Jonathan Schleifer js at webkeks.org
Mon May 14 12:20:19 PDT 2012


Am 14.05.2012 um 21:12 schrieb John McCall:

> I agree that this is at least theoretically independent of the fragile ABI vs. the nonfragile ABI, although I suspect that you'd need to check both implementations to verify that they do, in fact, guarantee the correctness of this.

Well, not only theoretically: The GNUstep runtime uses the non-fragile ABI, while my runtime currently uses the fragile ABI (I wanted to be compatible to GCC and didn't have the time yet).

What I do is that in the configure of my runtime I check if -fobjc-direct-class-refs is accepted by Clang and if so use it and then later output it when the runtime is queried for the OBJCFLAGS to compile with.

> In Darwin's runtime, at least, the nonfragile ABI reserves the right to make class references "forward", so that the address of the global symbol is not necessarily the address of the class.

Yes, but should this really be tied to the non-fragile ABI? IMHO even a ABI version would make more sense than saying "non-fragile ABI also means direct class references". This would also mean that we break existing stuff: Currently, the non-fragile ABI does not emit direct-class refs. If it suddenly would, I'm sure stuff will break.

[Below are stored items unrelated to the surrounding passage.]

lemma ceiling_double:
  fixes y :: real
  shows "\<lceil>2 * y\<rceil> - 1 = 2 * (\<lceil>y\<rceil> - 1) + of_bool (odd (\<lceil>2 * y\<rceil> - 1))"
proof -
  have "\<lceil>2 * y\<rceil> \<le> 2 * \<lceil>y\<rceil>" by (simp add: ceiling_le_iff)
  moreover have "2 * real_of_int \<lceil>y\<rceil> - 2 < of_int \<lceil>2 * y\<rceil>"
    using ceiling_correct[of y] le_of_int_ceiling[of "2 * y"] by linarith
  then have "real_of_int (2 * \<lceil>y\<rceil> - 2) < of_int \<lceil>2 * y\<rceil>" by simp
  then have "2 * \<lceil>y\<rceil> - 2 < \<lceil>2 * y\<rceil>" by (simp only: of_int_less_iff)
  ultimately have "\<lceil>2 * y\<rceil> = 2 * \<lceil>y\<rceil> \<or> \<lceil>2 * y\<rceil> = 2 * \<lceil>y\<rceil> - 1" by linarith
  then show ?thesis by auto
qed

lemma ceiling_digits_partial_sums:
  assumes "0 < x" "x \<le> 1"
  shows "(\<Sum>i<n. bit_term (ceiling_digits x) i) = (of_int \<lceil>2 ^ n * x\<rceil> - 1) / 2 ^ n"
proof (induction n)
  case 0
  have "\<lceil>x\<rceil> = 1" using assms by (intro ceiling_unique) auto
  then show ?case by simp
next
  case (Suc n)
  define y where "y = 2 ^ n * x"
  have digit: "ceiling_digits x n = odd (\<lceil>2 * y\<rceil> - 1)"
    by (simp add: ceiling_digits_def y_def mult.assoc)
  have "real_of_int (\<lceil>2 * y\<rceil> - 1) = 2 * (of_int \<lceil>y\<rceil> - 1) + of_bool (odd (\<lceil>2 * y\<rceil> - 1))"
    by (subst ceiling_double) simp
  then show ?case using Suc digit by (simp add: y_def mult.assoc field_simps)
qed

lemma ceiling_digits_partial_sums_bounds:
  assumes "0 < x" "x \<le> 1"
  shows "(\<Sum>i<n. bit_term (ceiling_digits x) i) < x"
    and "x \<le> (\<Sum>i<n. bit_term (ceiling_digits x) i) + (1/2) ^ n"
  using ceiling_correct[of "2 ^ n * x"]
  unfolding ceiling_digits_partial_sums[OF assms] by (auto simp: field_simps power_divide)

lemma ceiling_digits_sums:
  assumes "0 < x" "x \<le> 1"
  shows "bit_term (ceiling_digits x) sums x"
  unfolding sums_def
proof (rule tendsto_sandwich[where f="\<lambda>n. x - (1/2)^n" and h="\<lambda>n. x"])
  show "\<forall>\<^sub>F n in sequentially. x - (1/2)^n \<le> (\<Sum>i<n. bit_term (ceiling_digits x) i)"
    using ceiling_digits_partial_sums_bounds(2)[OF assms] by (simp add: algebra_simps)
  show "\<forall>\<^sub>F n in sequentially. (\<Sum>i<n. bit_term (ceiling_digits x) i) \<le> x"
    using ceiling_digits_partial_sums_bounds(1)[OF assms] by (simp add: less_imp_le)
  have "(\<lambda>n. x - (1/2::real)^n) \<longlonglongrightarrow> x - 0"
    by (intro tendsto_diff tendsto_const LIMSEQ_realpow_zero) auto
  then show "(\<lambda>n. x - (1/2::real)^n) \<longlonglongrightarrow> x" by simp
qed simp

> Or, you know, it could be a subclass that just implements GetClass differently, or even just sets a flag in the common GNU implementation that is honored by GetClass.  There is no need to leap to the most absurd possible implementation.
> 
> The right thing to do is to propagate information down like "please optimize for this specific runtime".  Whether that means "-fgnustep-runtime" or "-fgnu-runtime=gnustep" or "-foptimize-runtime=gnustep" is a separable choice.

We would also need to specify the version, as an old version of the runtime can be lacking a feature.

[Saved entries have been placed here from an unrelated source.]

lemma eigenvector_iff_gns_kernel:
  "(\<exists>A\<in>cq_A0 Q. 0 < \<phi> A A \<and> (\<forall>B\<in>cq_A0 Q. \<phi> (cq_mul Q X A - cq_sc Q \<alpha> A) B = 0)) \<longleftrightarrow>
   (\<exists>H ip lam rep. is_gns Q \<phi> H ip lam rep \<and> gns_ker Q lam rep X \<alpha> \<noteq> {hzero})"
proof
  assume "\<exists>A\<in>cq_A0 Q. 0 < \<phi> A A \<and> (\<forall>B\<in>cq_A0 Q. \<phi> (cq_mul Q X A - cq_sc Q \<alpha> A) B = 0)"
  then obtain A where A: "A \<in> cq_A0 Q" "0 < \<phi> A A"
    and eigen: "\<forall>B\<in>cq_A0 Q. \<phi> (cq_mul Q X A - cq_sc Q \<alpha> A) B = 0"
    by blast
  have "gns_rep Q \<phi> X (\<phi> A) = hscale \<alpha> (\<phi> A)"
    using vanishes_if_orthogonal_A0[OF eigen] A(1)
    by (simp add: gns_rep_embed fun_eq_iff hscale_def diff_left sc_left)
  moreover have "\<phi> A \<noteq> hzero"
    using A(2) by (auto simp: hzero_def)
  ultimately have "gns_ker Q \<phi> (gns_rep Q \<phi>) X \<alpha> \<noteq> {hzero}"
    using A(1) by (auto simp: gns_ker_def)
  then show "\<exists>H ip lam rep. is_gns Q \<phi> H ip lam rep \<and> gns_ker Q lam rep X \<alpha> \<noteq> {hzero}"
    using is_gns_completion by blast
qed (blast intro: gns_kernel_imp_eigenvector)

end

theorem proposition4p11:
  fixes Q :: "('a::banach) cqs" and X :: 'a and \<alpha> :: complex
  assumes "cq_algebra Q" and "star_semisimple Q"
  shows "(gen_eigenvalue Q X \<alpha> \<longleftrightarrow>
           (\<exists>\<phi>\<in>P_forms Q. \<phi> \<noteq> (\<lambda>_ _. 0) \<and>
              (\<exists>A\<in>cq_A0 Q. 0 < \<phi> A A \<and>
                 \<phi> (cq_mul Q X A - cq_sc Q \<alpha> A) (cq_mul Q X A - cq_sc Q \<alpha> A) = 0))) \<and>
         (gen_eigenvalue Q X \<alpha> \<longleftrightarrow>
           (\<exists>\<phi>\<in>P_forms Q. \<phi> \<noteq> (\<lambda>_ _. 0) \<and>
              (\<exists>H ip lam rep. is_gns Q \<phi> H ip lam rep \<and> gns_ker Q lam rep X \<alpha> \<noteq> {hzero})))"
proof -
  have P_form: "P_form Q \<phi>" if "\<phi> \<in> P_forms Q" for \<phi>
    using assms(1) that by (intro P_form.intro cq_star_algebra.intro P_form_axioms.intro)
  show ?thesis
    unfolding gen_eigenvalue_def
    using P_form.orthogonal_A0_iff_null[OF P_form] P_form.eigenvector_iff_gns_kernel[OF P_form]
    by (auto 0 4)
qed

end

> There is a separate structure called the CodeGenOptions which carries options which don't alter the language dialect but which do impact how code is emitted to implement it.

Ok, I will look into moving it there. I still don't see a reason why this shouldn't be a separate flag, so I'm still hoping of being able to get that in. I'd like to have a solution for my users where they don't have to recompile Clang or as a hack build some LLVM optimization module that replaces it (especially since last time I tried -emit-llvm, stuff would just crash).

So, what I'm looking for is a solution that could get upstream and won't require the user to do anything, so that my configure could just check if Clang supports it and if so use it.